- With about a quarter of its leases up for renegotiation or exit annually, H&M on Thursday said it plans a net decrease in its brick-and-mortar footprint next year of about 250 stores, according to a company press release.
- The fast-fashion apparel retailer also said that third quarter net sales fell 16% to 50.9 billion Swedish krona ($5.7 billion), as the pandemic kept hundreds of stores shut throughout the quarter.
- The company swung back to black from the previous quarter, with adjusted profit of SEK 2.37 billion. Gross profit reached SEK 24.9 billion and gross margin reached 48.9%.
Last year, H&M had already begun to pull back from its previous plan to expand its global footprint and instead pivot to strengthen its digital operations.
Even so, its brick-and-mortar strategy for next year represents a significant departure for the fast-fashion retailer. In June, for example, the company said it would close 170 stores this year, but with openings that’s just a net 40-store decrease.
The retailer had for years insisted that its physical locations were its core strength, and as a result is somewhat late to its digital revamp. That may have hurt now that stores have been closed down by the pandemic. On Wednesday, H&M said that 900 of its 5,000-plus stores remained temporarily closed early in the quarter due to the pandemic, with more than 200 still closed at the end of the quarter.
While its sales trajectory has been positive since its “terrible” second quarter when sales fell 50%, “H&M’s online channel has not picked up the slack of store closures to the extent that it has at many of its multichannel competitors,” according to Sofie Willmott, content head of apparel at GlobalData.
In fact, its third-quarter e-commerce performance didn’t change much year over year, despite all the temporarily closed stores, and didn’t keep pace with rivals like Zara owner Inditex, according to a GlobalData client note Thursday.

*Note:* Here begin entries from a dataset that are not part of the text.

(* Let $G^\sigma$ be an oriented graph whose underlying graph $G$ is a simple connected graph with $n$ vertices and $m$ edges. Then $$\frac{sr(G^\sigma)}{\alpha(G)}\geqslant \frac{4(2n-m-1)}{\sqrt{4n(n-1)-8m+1}+1}-2,$$ with equality if and only if $G\cong S_n$ or $G\cong C_3$.
   Context: An oriented graph $G^\sigma$ is obtained from a simple graph $G$ by assigning a direction to each edge. Its skew-adjacency matrix $S(G^\sigma)=[s_{x,y}]$ has $s_{x,y}=1$ if there is an arc from $x$ to $y$, $s_{x,y}=-1$ if there is an arc from $y$ to $x$, and $0$ otherwise; the skew-rank $sr(G^\sigma)$ is the rank of $S(G^\sigma)$. $\alpha(G)$ is the independence number of $G$. $S_n$ denotes the star on $n$ vertices (the single vertex when $n=1$) and $C_3$ the triangle. *)

theory Defs
  imports "HOL-Analysis.Analysis"
begin

text \<open>An oriented graph on the finite vertex type 'n is given by its arc set Ar:
  no loops, and at most one direction for each pair of vertices.\<close>
definition oriented :: "('n \<times> 'n) set \<Rightarrow> bool" where
  "oriented Ar \<longleftrightarrow> (\<forall>x. (x, x) \<notin> Ar) \<and> (\<forall>x y. (x, y) \<in> Ar \<longrightarrow> (y, x) \<notin> Ar)"

definition uedges :: "('n \<times> 'n) set \<Rightarrow> 'n set set" where
  "uedges Ar = {{x, y} | x y. (x, y) \<in> Ar}"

While 250 closures may seem significant, GlobalData said it may not be enough given that 250 stores represents just 6% of its locations. “[C]onsidering that apparel online penetration is set to remain high, at between 30-40% in key markets including the UK and US, H&M should make more significant changes,” Willmott said.
The retailer has plenty of strengths, including its pricing and efforts insustainability, which helped keep September’s sales decline to just 5%, but they must be better positioned online, per GlobalData.
“Both its value appeal and environmentally-friendly reputation, boosted by new initiatives such as the launch of the COS resale platform, sets H&M apart from its competitors but it must enhance its online proposition given the importance of digital channels, to succeed in a very tough market,” Willmottsaid.